LIPEZ, Circuit Judge.

Following the panel’s decision in this case, see United States v. Johnson, 437 F.3d 157 (1st Cir.2006), appellants moved for rehearing en banc, noting the Supreme Court’s grant of certiorari in United States v. Rapanos, 376 F.3d 629 (6th Cir.2004). We held their petition in abeyance pending a decision in that case. Following the decision in Rapanos v. United States, 547 U.S. -, 126 S.Ct. 2208, 165 L.Ed.2d 159 (2006), appellants supplemented their previous petition. They request that we grant rehearing en banc to resolve the conflict between the panel decision and Rapanos, or, alternately, that we vacate the decision with prejudice on the ground that the evidence in the record supports a judgment in their favor. The government filed a response requesting that we vacate our previous decision and remand to the district court. After careful consideration, we vacate and remand for further proceedings consistent with Rapanos, as described below.

[58]*58I. The Panel Decision

This case began when the United States filed a civil action alleging that defendants (now appellants), a group of cranberry farmers in Carver, Massachusetts, had discharged pollutants into federally-regulated waters without a permit in violation of § 301 and § 502 of the Clean Water Act (“CWA”), 33 U.S.C. §§ 1311, 1362. In response, appellants contended that the United States lacked jurisdiction over the three properties in question: (1) the Cross Street site; (2) the Fosdick Street site; and (3) the Forest/Fuller Street site (collectively, the “target sites”).

In separate rulings on liability and remedy, the district court granted summary judgment in favor of the government. The district court denied appellants’ motion for reconsideration, stating that “there is a sufficient basis for the United States to exercise jurisdiction because the undisputed evidence shows that the three wetlands are hydrologically connected to the navigable Weweantic River by nonnavigable tributaries.”

In an appeal to this court, appellants challenged the district court’s judgment that the jurisdiction of the CWA extends to the target sites. First, they asserted that their property is not covered by the Environmental Protection Agency (“EPA”) regulation promulgated to carry out the CWA. In the alternative, appellants argued that, if their property is covered by the regulation, either the regulation exceeds the authority granted by the CWA, or the CWA exceeds Congress’s authority under the Commerce Clause.
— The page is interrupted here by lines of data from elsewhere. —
(* For integers $F\ge1$ and $0\le Z\le F$, $$s(F,2,Z)=\begin{cases}2F-3Z & \text{if } F\ge 2Z,\\ F-Z & \text{otherwise.}\end{cases}$$
   Context: A placement delivery array $S$-PDA$(F,K,Z)$ is an $F\times K$ array $R=(r_{j,k})$, $1\le j\le F$, $1\le k\le K$, over a finite set $S$ such that: (1) each cell is either empty or contains an element of $S$; (2) each column contains exactly $Z$ empty cells; (3) each element of $S$ occurs at most once in each row and at most once in each column; (4) if two distinct nonempty cells satisfy $r_{j_1,k_1}=r_{j_2,k_2}=t\in S$, then the cells $r_{j_1,k_2}$ and $r_{j_2,k_1}$ are empty. For integers $F,K\ge1$, $0\le Z\le F$, define $s(F,K,Z)=\min\{|S| : \text{there exists an } S\text{-PDA}(F,K,Z)\}$. *)

theory Defs
  imports Main
begin

definition is_PDA :: "'a set \<Rightarrow> nat \<Rightarrow> nat \<Rightarrow> nat \<Rightarrow> (nat \<Rightarrow> nat \<Rightarrow> 'a option) \<Rightarrow> bool" where
  "is_PDA S F K Z R \<longleftrightarrow>
     (\<forall>j<F. \<forall>k<K. R j k = None \<or> (\<exists>t\<in>S. R j k = Some t)) \<and>
     (\<forall>k<K. card {j. j < F \<and> R j k = None} = Z) \<and>
     (\<forall>t\<in>S. \<forall>j<F. \<forall>k1<K. \<forall>k2<K. R j k1 = Some t \<and> R j k2 = Some t \<longrightarrow> k1 = k2) \<and>
     (\<forall>t\<in>S. \<forall>k<K. \<forall>j1<F. \<forall>j2<F. R j1 k = Some t \<and> R j2 k = Some t \<longrightarrow> j1 = j2) \<and>
     (\<forall>t\<in>S. \<forall>j1<F. \<forall>j2<F. \<forall>k1<K. \<forall>k2<K.
        R j1 k1 = Some t \<and> R j2 k2 = Some t \<and> (j1, k1) \<noteq> (j2, k2) \<longrightarrow>
        R j1 k2 = None \<and> R j2 k1 = None)"

text \<open>s(F,K,Z): minimal size of a finite symbol set S admitting an S-PDA(F,K,Z).
  Symbols are taken from nat (any countably infinite supply gives the same minimum).\<close>

definition s_PDA :: "nat \<Rightarrow> nat \<Rightarrow> nat \<Rightarrow> nat" where
  "s_PDA F K Z = (LEAST n. \<exists>S :: nat set. finite S \<and> card S = n \<and> (\<exists>R. is_PDA S F K Z R))"

end

theory Submission
  imports Defs
begin

text \<open>Each column of a PDA carries F - Z distinct symbols. A symbol common to two columns
  sits in different rows of them (a symbol occurs at most once per row), so the cross condition
  empties its row in the other column; hence at most min Z (F - Z) symbols are shared, and two
  columns need at least 2(F - Z) - min Z (F - Z) symbols. Conversely, the shared symbols of a
  two-column array can be placed exactly in the empty cells of the other column, which attains
  the bound.\<close>

lemma
  assumes "is_PDA S F K Z R"
  shows is_PDA_symbol: "\<lbrakk>j < F; k < K; R j k = Some t\<rbrakk> \<Longrightarrow> t \<in> S"
    and is_PDA_empty_cells: "k < K \<Longrightarrow> card {j. j < F \<and> R j k = None} = Z"
    and is_PDA_row_unique:
      "\<lbrakk>j < F; k < K; k' < K; R j k = Some t; R j k' = Some t\<rbrakk> \<Longrightarrow> k = k'"
    and is_PDA_column_unique:
      "\<lbrakk>j < F; j' < F; k < K; R j k = Some t; R j' k = Some t\<rbrakk> \<Longrightarrow> j = j'"
    and is_PDA_cross_empty:
      "\<lbrakk>j < F; j' < F; k < K; k' < K; R j k = Some t; R j' k' = Some t; j \<noteq> j'\<rbrakk>
        \<Longrightarrow> R j k' = None"
proof -
  have cells: "\<forall>j<F. \<forall>k<K. R j k = None \<or> (\<exists>t\<in>S. R j k = Some t)"
    and empty: "\<forall>k<K. card {j. j < F \<and> R j k = None} = Z"
    and rows: "\<forall>t\<in>S. \<forall>j<F. \<forall>k1<K. \<forall>k2<K. R j k1 = Some t \<and> R j k2 = Some t \<longrightarrow> k1 = k2"
    and cols: "\<forall>t\<in>S. \<forall>k<K. \<forall>j1<F. \<forall>j2<F. R j1 k = Some t \<and> R j2 k = Some t \<longrightarrow> j1 = j2"
    and cross: "\<forall>t\<in>S. \<forall>j1<F. \<forall>j2<F. \<forall>k1<K. \<forall>k2<K.
        R j1 k1 = Some t \<and> R j2 k2 = Some t \<and> (j1, k1) \<noteq> (j2, k2) \<longrightarrow>
        R j1 k2 = None \<and> R j2 k1 = None"
    using assms unfolding is_PDA_def by - (elim conjE, assumption)+
  show symbol: "t \<in> S" if "j < F" "k < K" "R j k = Some t" for j k t
    using cells that by fastforce
  show "k < K \<Longrightarrow> card {j. j < F \<and> R j k = None} = Z"
    using empty by blast
  show "k = k'" if "j < F" "k < K" "k' < K" "R j k = Some t" "R j k' = Some t" for j k k' t
    using rows symbol that by blast
  show "j = j'" if "j < F" "j' < F" "k < K" "R j k = Some t" "R j' k = Some t" for j j' k t
    using cols symbol that by blast
  show "R j k' = None"
    if "j < F" "j' < F" "k < K" "k' < K" "R j k = Some t" "R j' k' = Some t" "j \<noteq> j'"
    for j j' k k' t
    using cross symbol that by blast
qed

definition column_symbols :: "(nat \<Rightarrow> nat \<Rightarrow> 'a option) \<Rightarrow> nat \<Rightarrow> nat \<Rightarrow> 'a set" where
  "column_symbols R F k = {t. \<exists>j<F. R j k = Some t}"

lemma column_symbols_eq_image:
  "column_symbols R F k = (\<lambda>j. the (R j k)) ` {j. j < F \<and> R j k \<noteq> None}"
  unfolding column_symbols_def by force

lemma finite_column_symbols: "finite (column_symbols R F k)"
  unfolding column_symbols_eq_image by simp

lemma column_symbols_subset:
  assumes "is_PDA S F K Z R" and "k < K"
  shows "column_symbols R F k \<subseteq> S"
  using is_PDA_symbol[OF assms(1) _ assms(2)] unfolding column_symbols_def by blast

lemma card_column_symbols:
  assumes P: "is_PDA S F K Z R" and k: "k < K"
  shows "card (column_symbols R F k) = F - Z"
proof -
  let ?filled = "{j. j < F \<and> R j k \<noteq> None}"
  have "?filled = {..<F} - {j. j < F \<and> R j k = None}" by auto
  then have card_filled: "card ?filled = F - Z"
    using is_PDA_empty_cells[OF P k] by (simp add: card_Diff_subset subset_eq)
  have "inj_on (\<lambda>j. the (R j k)) ?filled"
  proof (rule inj_onI)
    fix i j assume "i \<in> ?filled" "j \<in> ?filled" "the (R i k) = the (R j k)"
    then obtain t where "i < F" "j < F" "R i k = Some t" "R j k = Some t" by auto
    then show "i = j" using is_PDA_column_unique[OF P _ _ k] by blast
  qed
  then show ?thesis
    using card_filled by (simp add: column_symbols_eq_image card_image)
qed

lemma card_common_column_symbols_le:
  assumes P: "is_PDA S F K Z R" and k: "k < K" "k' < K" "k \<noteq> k'"
  shows "card (column_symbols R F k \<inter> column_symbols R F k') \<le> Z"
proof -
  define shared where "shared = {j. j < F \<and> R j k \<noteq> None \<and> the (R j k) \<in> column_symbols R F k'}"
  have image: "column_symbols R F k \<inter> column_symbols R F k' = (\<lambda>j. the (R j k)) ` shared"
    unfolding shared_def column_symbols_eq_image by auto
  have "shared \<subseteq> {j. j < F \<and> R j k' = None}"
  proof
    fix j assume "j \<in> shared"
    then obtain t j' where j: "j < F" "R j k = Some t" and j': "j' < F" "R j' k' = Some t"
      unfolding shared_def column_symbols_def by auto
    have "j \<noteq> j'" using is_PDA_row_unique[OF P _ k(1,2)] j j' k(3) by blast
    then have "R j k' = None" using is_PDA_cross_empty[OF P j(1) j'(1) k(1,2) j(2) j'(2)] by blast
    with j show "j \<in> {j. j < F \<and> R j k' = None}" by simp
  qed
  then have "card shared \<le> Z"
    using is_PDA_empty_cells[OF P k(2)] card_mono[of "{j. j < F \<and> R j k' = None}"] by simp
  moreover have "finite shared" unfolding shared_def by simp
  ultimately show ?thesis
    unfolding image using card_image_le le_trans by blast
qed

lemma card_symbols_lower_bound:
  assumes P: "is_PDA S F K Z R" and "finite S" and "2 \<le> K"
  shows "2 * (F - Z) - min Z (F - Z) \<le> card S"
proof -
  let ?T0 = "column_symbols R F 0" and ?T1 = "column_symbols R F 1"
  have cards: "card ?T0 = F - Z" "card ?T1 = F - Z"
    using card_column_symbols[OF P] assms(3) by auto
  have "card (?T0 \<inter> ?T1) \<le> Z"
    using card_common_column_symbols_le[OF P] assms(3) by simp
  moreover have "card (?T0 \<inter> ?T1) \<le> F - Z"
    using cards(1) card_mono[OF finite_column_symbols Int_lower1, of R F 0 ?T1] by simp
  moreover have "card (?T0 \<union> ?T1) + card (?T0 \<inter> ?T1) = 2 * (F - Z)"
    using card_Un_Int[OF finite_column_symbols finite_column_symbols, of R F 0 R F 1] cards by simp
  moreover have "card (?T0 \<union> ?T1) \<le> card S"
    using column_symbols_subset[OF P] assms(2,3) by (intro card_mono) auto
  ultimately show ?thesis by linarith
qed

text \<open>Column 0 has symbols 0, ..., m-1 in its first m rows and is empty in the next Z rows;
  column 1 repeats 0, ..., m-1 in rows m, ..., 2m-1 and is empty in the first m rows and
  in rows 2m, ..., m+Z-1. All other filled cells get fresh symbols.\<close>

definition two_column_PDA :: "nat \<Rightarrow> nat \<Rightarrow> nat \<Rightarrow> nat \<Rightarrow> nat \<Rightarrow> nat option" where
  "two_column_PDA F Z m j k =
     (if k = 0 then (if j < m then Some j else if j < m + Z then None else Some (j - Z))
      else (if j < m then None else if j < 2 * m then Some (j - m) else if j < m + Z then None
            else Some (j - Z - m + (F - Z))))"

lemma is_PDA_two_column_PDA:
  assumes "Z \<le> F" "m \<le> Z" "m \<le> F - Z"
  shows "is_PDA {0..<2 * (F - Z) - m} F 2 Z (two_column_PDA F Z m)"
proof -
  have two: "\<And>k::nat. k < 2 \<longleftrightarrow> k = 0 \<or> k = 1" by auto
  have "{j. j < F \<and> two_column_PDA F Z m j 0 = None} = {m..<m + Z}"
    using assms by (auto simp: two_column_PDA_def)
  moreover have "{j. j < F \<and> two_column_PDA F Z m j 1 = None} = {..<m} \<union> {2 * m..<m + Z}"
    using assms by (auto simp: two_column_PDA_def)
  moreover have "card ({..<m} \<union> {2 * m..<m + Z}) = Z"
    using assms by (subst card_Un_disjoint) auto
  ultimately have empty_cells: "\<forall>k<2. card {j. j < F \<and> two_column_PDA F Z m j k = None} = Z"
    unfolding two by auto
  show ?thesis
    unfolding is_PDA_def
  proof (intro conjI)
    show "\<forall>k<2. card {j. j < F \<and> two_column_PDA F Z m j k = None} = Z" by (fact empty_cells)
  qed (use assms in \<open>auto simp: two_column_PDA_def two split: if_splits\<close>)
qed

lemma s_PDA_eqI:
  fixes S :: "nat set"
  assumes "is_PDA S F K Z R" "finite S" "card S = n"
    and "\<And>S' :: nat set. \<And>R'. finite S' \<Longrightarrow> is_PDA S' F K Z R' \<Longrightarrow> n \<le> card S'"
  shows "s_PDA F K Z = n"
  unfolding s_PDA_def using assms by (intro Least_equality) blast+

theorem mainTheorem4:
  fixes F Z :: nat
  assumes "F \<ge> 1" and "Z \<le> F"
  shows "s_PDA F 2 Z = (if F \<ge> 2 * Z then 2 * F - 3 * Z else F - Z)"
proof -
  let ?n = "2 * (F - Z) - min Z (F - Z)"
  have "s_PDA F 2 Z = ?n"
  proof (rule s_PDA_eqI)
    show "is_PDA {0..<?n} F 2 Z (two_column_PDA F Z (min Z (F - Z)))"
      using assms(2) by (intro is_PDA_two_column_PDA) auto
    show "?n \<le> card S" if "finite S" "is_PDA S F 2 Z R" for S :: "nat set" and R
      using card_symbols_lower_bound that by blast
  qed simp_all
  then show ?thesis by auto
qed

end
We affirmed the trial court’s judgment in a divided decision, with two members of the panel concurring in the judgment for different reasons, and one member dissenting. One member of the majority concluded that the hydrological connection between the target sites and the Weweantic River establishes a “significant nexus” between the sites and the river, sufficient to establish jurisdiction under the CWA without creating constitutional issues under the Commerce Clause. For two of the target sites, in the view of this judge, the hydrological connection depended on diffusion of water through wetlands. See 437 F.3d at 162.

The other member of the majority read the record differently to conclude that the hydrological connection was a system of tributaries, some of which happened to flow through wetlands or other bogs. See id. at 182. The concurring panelist thus concluded that it was unnecessary to decide whether the diffusion of water through wetlands was a sufficient hydrological connection to support a “significant nexus.” Id.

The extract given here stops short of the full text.